(Source data)
--------------------

lemma has_vector_derivative_vinner:
  assumes "\<forall>j<d. ((\<lambda>s. v s j) has_vector_derivative v' j) (at t within T)"
    and "\<forall>j<d. ((\<lambda>s. w s j) has_vector_derivative w' j) (at t within T)"
  shows "((\<lambda>s. vinner d (v s) (w s)) has_vector_derivative vinner d v' (w t) + vinner d (v t) w')
           (at t within T)"
proof -
  have "((\<lambda>s. \<Sum>j<d. cnj (v s j) * w s j) has_vector_derivative
      (\<Sum>j<d. cnj (v t j) * w' j + cnj (v' j) * w t j)) (at t within T)"
    using assms by (intro has_vector_derivative_sum has_vector_derivative_mult has_vector_derivative_cnj) auto
  then show ?thesis unfolding vinner_def by (rule has_vector_derivative_eq_rhs) (simp add: sum.distrib)
qed

lemma has_vector_derivative_matvec:
  assumes "\<forall>j<d. \<forall>l<d. ((\<lambda>s. M s j l) has_vector_derivative M' j l) (at t within T)"
    and "\<forall>l<d. ((\<lambda>s. v s l) has_vector_derivative v' l) (at t within T)" and "j < d"
  shows "((\<lambda>s. matvec d (M s) (v s) j) has_vector_derivative matvec d M' (v t) j + matvec d (M t) v' j)
           (at t within T)"
proof -
  have "((\<lambda>s. \<Sum>l<d. M s j l * v s l) has_vector_derivative (\<Sum>l<d. M t j l * v' l + M' j l * v t l))
      (at t within T)"
    using assms by (intro has_vector_derivative_sum has_vector_derivative_mult) auto
  then show ?thesis unfolding matvec_def by (rule has_vector_derivative_eq_rhs) (simp add: sum.distrib)
qed

lemma has_vector_derivative_mel:
  assumes M: "\<forall>j<d. \<forall>l<d. ((\<lambda>s. M s j l) has_vector_derivative M' j l) (at t within T)"
    and u: "\<forall>a<d. \<forall>j<d. ((\<lambda>s. u s a j) has_vector_derivative u' a j) (at t within T)"
    and a: "a < d" and b: "b < d"
  shows "((\<lambda>s. mel d (u s) (M s) a b) has_vector_derivative
      vinner d (u' a) (matvec d (M t) (u t b)) + mel d (u t) M' a b + vinner d (u t a) (matvec d (M t) (u' b)))
      (at t within T)"
proof -
  have "((\<lambda>s. vinner d (u s a) (matvec d (M s) (u s b))) has_vector_derivative
      vinner d (u' a) (matvec d (M t) (u t b))
      + vinner d (u t a) (\<lambda>j. matvec d M' (u t b) j + matvec d (M t) (u' b) j)) (at t within T)"
    using has_vector_derivative_matvec[OF M, of "\<lambda>s. u s b" "u' b"] u a b
    by (intro has_vector_derivative_vinner) auto
  then show ?thesis unfolding mel_eq_vinner vinner_add_right by (simp add: add.assoc)
qed
lemma children_parent_edges:
  "children (parent_edges V r p) r = {c \<in> V - {r}. p c = r}"
  using adj_parent_edges_iff[of V r p r] unfolding children_def adj_def by auto

lemma connected_parent_edges:
  assumes p: "rooted_forest V {r} p"
  shows "connected_graph V (parent_edges V r p)"
proof -
  let ?R = "adj (parent_edges V r p)"
  have to_root: "?R\<^sup>*\<^sup>* v r" if v: "v \<in> V" for v
  proof -
    obtain k where "(p ^^ k) v = r" using rooted_forest_reaches_roots[OF p v] by auto
    then show ?thesis using v
    proof (induction k arbitrary: v)
      case (Suc k)
      show ?case
      proof (cases "v = r")
        case False
        then have "?R v (p v)" "p v \<in> V" "(p ^^ k) (p v) = r"
          using Suc.prems rooted_forest_parent_in[OF p]
          by (auto simp: adj_parent_edges_iff funpow_swap1)
        then show ?thesis using Suc.IH converse_rtranclp_into_rtranclp by metis
      qed simp
    qed simp
  qed
  have "?R\<^sup>*\<^sup>* r v" if "v \<in> V" for v
    using sympD[OF symp_rtranclp[OF symp_adj] to_root[OF that]] .
  then show ?thesis
    unfolding connected_graph_def using to_root rtranclp_trans by metis
qed
(* Let $H$ be a clutter, $T$ a minimal transversal of $H$, $S\subseteq V(H)$ and $x\in V(H)$. Then either (i) there exists a minimal transversal $T'\subseteq T\setminus\{x\}$ of $H\backslash x$ such that $T'\cap S=(T\setminus\{x\})\cap S$; or (ii) there exist a vertex $z\in S\setminus\{x\}$ and an edge $h\in E(H)$ such that $x\in h$, $h\cap T=\{z\}$, and $T\setminus\{z\}\in b(H\circ(h,x,z))$.
   Context: A hypergraph has a finite vertex set and a set of subsets (edges). A clutter is a hypergraph in which no edge is a proper subset of another; $cl(\cdot)$ keeps only the inclusion-wise minimal edges. A transversal of $H$ is a vertex set meeting every edge; $b(H)$ is the clutter of inclusion-wise minimal transversals. For $v\in V(H)$: $H\backslash v=(V(H)\setminus\{v\},\{h\in E(H):v\notin h\})$ and $H/v=cl(V(H)\setminus\{v\},\{h\setminus\{v\}:h\in E(H)\})$. For disjoint $D,C\subseteq V(H)$, $H[D;C]$ is the clutter obtained by deleting all vertices of $D$ and contracting all vertices of $C$ (the order does not matter). The join of clutters is $H\vee F=cl(V(H)\cup V(F),E(H)\cup E(F))$. For an edge $h\in E(H)$ and distinct $u,v\in h$, $H\circ(h,u,v)=H[\{u\};h\setminus\{u\}]\vee H[\{v\};h\setminus\{v\}]$. *)

theory Defs
  imports Main
begin

type_synonym 'a hypergraph = "'a set \<times> 'a set set"

definition verts :: "'a hypergraph \<Rightarrow> 'a set" where
  "verts H = fst H"

definition edges :: "'a hypergraph \<Rightarrow> 'a set set" where
  "edges H = snd H"

definition hypergraph :: "'a hypergraph \<Rightarrow> bool" where
  "hypergraph H \<longleftrightarrow> finite (verts H) \<and> (\<forall>h\<in>edges H. h \<subseteq> verts H)"

definition clutter :: "'a hypergraph \<Rightarrow> bool" where
  "clutter H \<longleftrightarrow> hypergraph H \<and> (\<forall>g\<in>edges H. \<forall>h\<in>edges H. \<not> g \<subset> h)"

definition cl :: "'a hypergraph \<Rightarrow> 'a hypergraph" where
  "cl H = (verts H, {h\<in>edges H. \<forall>g\<in>edges H. \<not> g \<subset> h})"

definition transversal :: "'a hypergraph \<Rightarrow> 'a set \<Rightarrow> bool" where
  "transversal H T \<longleftrightarrow> T \<subseteq> verts H \<and> (\<forall>h\<in>edges H. T \<inter> h \<noteq> {})"

definition blocker :: "'a hypergraph \<Rightarrow> 'a hypergraph" where
  "blocker H = (verts H, {T. transversal H T \<and> (\<forall>T'. T' \<subset> T \<longrightarrow> \<not> transversal H T')})"

definition del :: "'a hypergraph \<Rightarrow> 'a \<Rightarrow> 'a hypergraph" where
  "del H v = (verts H - {v}, {h\<in>edges H. v \<notin> h})"

definition contr :: "'a hypergraph \<Rightarrow> 'a \<Rightarrow> 'a hypergraph" where
  "contr H v = cl (verts H - {v}, (\<lambda>h. h - {v}) ` edges H)"

text \<open>H[D;C]: delete all vertices of D and contract all vertices of C (D, C disjoint).\<close>
definition minor :: "'a hypergraph \<Rightarrow> 'a set \<Rightarrow> 'a set \<Rightarrow> 'a hypergraph" where
  "minor H D C = cl (verts H - (D \<union> C), (\<lambda>h. h - C) ` {h\<in>edges H. h \<inter> D = {}})"

definition join :: "'a hypergraph \<Rightarrow> 'a hypergraph \<Rightarrow> 'a hypergraph" where
  "join H F = cl (verts H \<union> verts F, edges H \<union> edges F)"

definition circ :: "'a hypergraph \<Rightarrow> 'a set \<Rightarrow> 'a \<Rightarrow> 'a \<Rightarrow> 'a hypergraph" where
  "circ H h u v = join (minor H {u} (h - {u})) (minor H {v} (h - {v}))"

end

theory Submission
  imports Defs
begin

text \<open>Shrink \<open>T \<setminus> {x}\<close>, a transversal of \<open>H\<setminus>x\<close>, to a transversal \<open>B\<close> of \<open>H\<setminus>x\<close> that keeps
  \<open>R = (T \<setminus> {x}) \<inter> S\<close> and from which no vertex outside \<open>R\<close> can be dropped. If \<open>B\<close> is a minimal
  transversal we are in case (i). Otherwise some \<open>z \<in> R\<close> is redundant in \<open>B\<close>; its private edge
  \<open>h\<close> with \<open>h \<inter> T = {z}\<close> must contain \<open>x\<close>, since \<open>B \<setminus> {z}\<close> misses it. In \<open>H\<circ>(h,x,z)\<close> the
  edges are the sets \<open>e \<setminus> h\<close> for edges \<open>e\<close> avoiding \<open>x\<close> or \<open>z\<close>; \<open>T \<setminus> {z}\<close> meets those avoiding
  \<open>x\<close> because \<open>B \<setminus> {z}\<close> does, those avoiding \<open>z\<close> because \<open>T\<close> does, and minimality is
  inherited from the private edges of the other vertices of \<open>T\<close>.\<close>

lemma hypergraph_finite_edge:
  assumes "hypergraph G" "e \<in> edges G"
  shows "finite e"
  using assms by (meson finite_subset hypergraph_def)

lemma verts_cl [simp]: "verts (cl G) = verts G"
  by (simp add: cl_def verts_def)

lemma edges_cl_subset: "edges (cl G) \<subseteq> edges G"
  by (auto simp: cl_def edges_def)

lemma cl_edge_below:
  assumes fin: "\<forall>e\<in>edges G. finite e" and e: "e \<in> edges G"
  shows "\<exists>f\<in>edges (cl G). f \<subseteq> e"
proof -
  obtain f where f: "f \<in> edges G" "f \<subseteq> e"
    and least: "\<And>g. g \<in> edges G \<Longrightarrow> g \<subseteq> e \<Longrightarrow> card f \<le> card g"
    using ex_has_least_nat[of "\<lambda>f. f \<in> edges G \<and> f \<subseteq> e" e card] e by blast
  have "\<not> g \<subset> f" if "g \<in> edges G" for g
  proof
    assume "g \<subset> f"
    then have "card g < card f" using f fin e by (meson finite_subset psubset_card_mono)
    with least[OF that] \<open>g \<subset> f\<close> f(2) show False by fastforce
  qed
  with f show ?thesis by (auto simp: cl_def edges_def)
qed

lemma transversal_cl_iff:
  assumes "\<forall>e\<in>edges G. finite e"
  shows "transversal (cl G) A \<longleftrightarrow> transversal G A"
proof -
  have "(\<forall>f\<in>edges (cl G). A \<inter> f \<noteq> {}) \<longleftrightarrow> (\<forall>e\<in>edges G. A \<inter> e \<noteq> {})"
  proof
    assume meets: "\<forall>f\<in>edges (cl G). A \<inter> f \<noteq> {}"
    show "\<forall>e\<in>edges G. A \<inter> e \<noteq> {}"
    proof
      fix e assume "e \<in> edges G"
      then obtain f where "f \<in> edges (cl G)" "f \<subseteq> e"
        using cl_edge_below[OF assms] by blast
      with meets show "A \<inter> e \<noteq> {}" by blast
    qed
  qed (use edges_cl_subset in blast)
  then show ?thesis by (simp add: transversal_def)
qed

lemma transversal_mono:
  assumes "transversal G A" "A \<subseteq> B" "B \<subseteq> verts G"
  shows "transversal G B"
  using assms unfolding transversal_def by blast

lemma verts_del [simp]: "verts (del G x) = verts G - {x}"
  by (simp add: del_def verts_def)

lemma edges_del [simp]: "edges (del G x) = {e \<in> edges G. x \<notin> e}"
  by (simp add: del_def edges_def)

lemma transversal_del:
  assumes "transversal G T"
  shows "transversal (del G x) (T - {x})"
  using assms by (auto simp: transversal_def)

lemma hypergraph_minor:
  assumes "hypergraph H"
  shows "hypergraph (minor H D C)"
  using assms by (auto simp: hypergraph_def minor_def cl_def verts_def edges_def)

lemma transversal_minor_iff:
  assumes "hypergraph H"
  shows "transversal (minor H D C) A \<longleftrightarrow>
    A \<subseteq> verts H - (D \<union> C) \<and> (\<forall>e\<in>edges H. e \<inter> D = {} \<longrightarrow> A \<inter> (e - C) \<noteq> {})"
proof -
  have fin: "\<forall>e\<in>edges (verts H - (D \<union> C), (\<lambda>h. h - C) ` {h\<in>edges H. h \<inter> D = {}}). finite e"
    using hypergraph_finite_edge[OF assms] by (simp add: edges_def)
  then show ?thesis
    unfolding minor_def transversal_cl_iff[OF fin] by (auto simp: transversal_def verts_def edges_def)
qed

lemma transversal_join_iff:
  assumes "hypergraph H" "hypergraph F"
  shows "transversal (join H F) A \<longleftrightarrow>
    A \<subseteq> verts H \<union> verts F \<and> (\<forall>e\<in>edges H \<union> edges F. A \<inter> e \<noteq> {})"
proof -
  have "\<forall>e\<in>edges H \<union> edges F. finite e"
    using hypergraph_finite_edge assms by blast
  then have fin: "\<forall>e\<in>edges (verts H \<union> verts F, edges H \<union> edges F). finite e"
    by (simp add: edges_def)
  then show ?thesis
    unfolding join_def transversal_cl_iff[OF fin] by (simp add: transversal_def verts_def edges_def)
qed

lemma transversal_circ_iff:
  assumes hg: "hypergraph H" and "x \<in> h" "z \<in> h"
  shows "transversal (circ H h x z) A \<longleftrightarrow>
    A \<subseteq> verts H - h \<and> (\<forall>e\<in>edges H. x \<notin> e \<or> z \<notin> e \<longrightarrow> A \<inter> (e - h) \<noteq> {})"
proof -
  let ?M = "\<lambda>v. minor H {v} (h - {v})"
  have verts_minor: "verts (?M v) = verts H - h" if "v \<in> h" for v
    unfolding minor_def verts_cl using that by (auto simp: verts_def)
  have transversal_minor: "transversal (?M v) A \<longleftrightarrow>
      A \<subseteq> verts H - h \<and> (\<forall>e\<in>edges H. v \<notin> e \<longrightarrow> A \<inter> (e - h) \<noteq> {})" if "v \<in> h" for v
  proof -
    have "{v} \<union> (h - {v}) = h" using that by auto
    moreover have "e \<inter> {v} = {} \<longleftrightarrow> v \<notin> e" for e
      by auto
    moreover have "e - (h - {v}) = e - h" if "v \<notin> e" for e
      using that by auto
    ultimately show ?thesis
      unfolding transversal_minor_iff[OF hg] by simp
  qed
  have "transversal (circ H h x z) A \<longleftrightarrow> transversal (?M x) A \<and> transversal (?M z) A"
    unfolding circ_def transversal_join_iff[OF hypergraph_minor[OF hg] hypergraph_minor[OF hg]]
      transversal_def[of "?M x"] transversal_def[of "?M z"]
    using verts_minor assms(2,3) by auto
  then show ?thesis
    unfolding transversal_minor[OF assms(2)] transversal_minor[OF assms(3)] by blast
qed

lemma blocker_edge_iff:
  "T \<in> edges (blocker G) \<longleftrightarrow> transversal G T \<and> (\<forall>t\<in>T. \<not> transversal G (T - {t}))"
proof -
  have "(\<forall>T'. T' \<subset> T \<longrightarrow> \<not> transversal G T') \<longleftrightarrow> (\<forall>t\<in>T. \<not> transversal G (T - {t}))"
    if "transversal G T"
  proof
    assume "\<forall>t\<in>T. \<not> transversal G (T - {t})"
    moreover have "transversal G (T - {t})" if "T' \<subset> T" "transversal G T'" "t \<in> T - T'" for T' t
    proof (rule transversal_mono[OF that(2)])
      show "T' \<subseteq> T - {t}" "T - {t} \<subseteq> verts G"
        using that(1,3) \<open>transversal G T\<close> by (auto simp: transversal_def)
    qed
    ultimately show "\<forall>T'. T' \<subset> T \<longrightarrow> \<not> transversal G T'" by blast
  qed blast
  then show ?thesis by (auto simp: blocker_def edges_def)
qed

lemma blocker_private_edge:
  assumes "T \<in> edges (blocker G)" "t \<in> T"
  shows "\<exists>e\<in>edges G. e \<inter> T = {t}"
proof -
  have tr: "transversal G T" and "\<not> transversal G (T - {t})"
    using assms by (auto simp: blocker_edge_iff)
  then obtain e where e: "e \<in> edges G" "(T - {t}) \<inter> e = {}"
    by (auto simp: transversal_def)
  moreover have "T \<inter> e \<noteq> {}" using tr e(1) by (simp add: transversal_def)
  ultimately show ?thesis by blast
qed

lemma transversal_shrink_outside:
  assumes "finite B" "transversal G B" "R \<subseteq> B"
  obtains B' where "R \<subseteq> B'" "B' \<subseteq> B" "transversal G B'"
    "\<And>z. z \<in> B' - R \<Longrightarrow> \<not> transversal G (B' - {z})"
proof -
  define P where "P B' \<longleftrightarrow> R \<subseteq> B' \<and> B' \<subseteq> B \<and> transversal G B'" for B'
  obtain B' where PB': "P B'" and least: "\<And>C. P C \<Longrightarrow> card B' \<le> card C"
    using ex_has_least_nat[of P B card] assms unfolding P_def by blast
  have "finite B'" using PB' \<open>finite B\<close> unfolding P_def by (meson finite_subset)
  have tight: "\<not> transversal G (B' - {z})" if z: "z \<in> B' - R" for z
  proof
    assume "transversal G (B' - {z})"
    with PB' z have "P (B' - {z})" unfolding P_def by blast
    then have "card B' \<le> card (B' - {z})" by (rule least)
    with card_Diff1_less[OF \<open>finite B'\<close>, of z] z show False by simp
  qed
  from PB' have "R \<subseteq> B'" "B' \<subseteq> B" "transversal G B'" unfolding P_def by auto
  then show ?thesis using tight by (rule that)
qed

--------------------

Task brief =
Which lines of the data include the word "avoiding"? Copy each one.

Answer section =
  edges are the sets \<open>e \<setminus> h\<close> for edges \<open>e\<close> avoiding \<open>x\<close> or \<open>z\<close>; \<open>T \<setminus> {z}\<close> meets those avoiding
  \<open>x\<close> because \<open>B \<setminus> {z}\<close> does, those avoiding \<open>z\<close> because \<open>T\<close> does, and minimality is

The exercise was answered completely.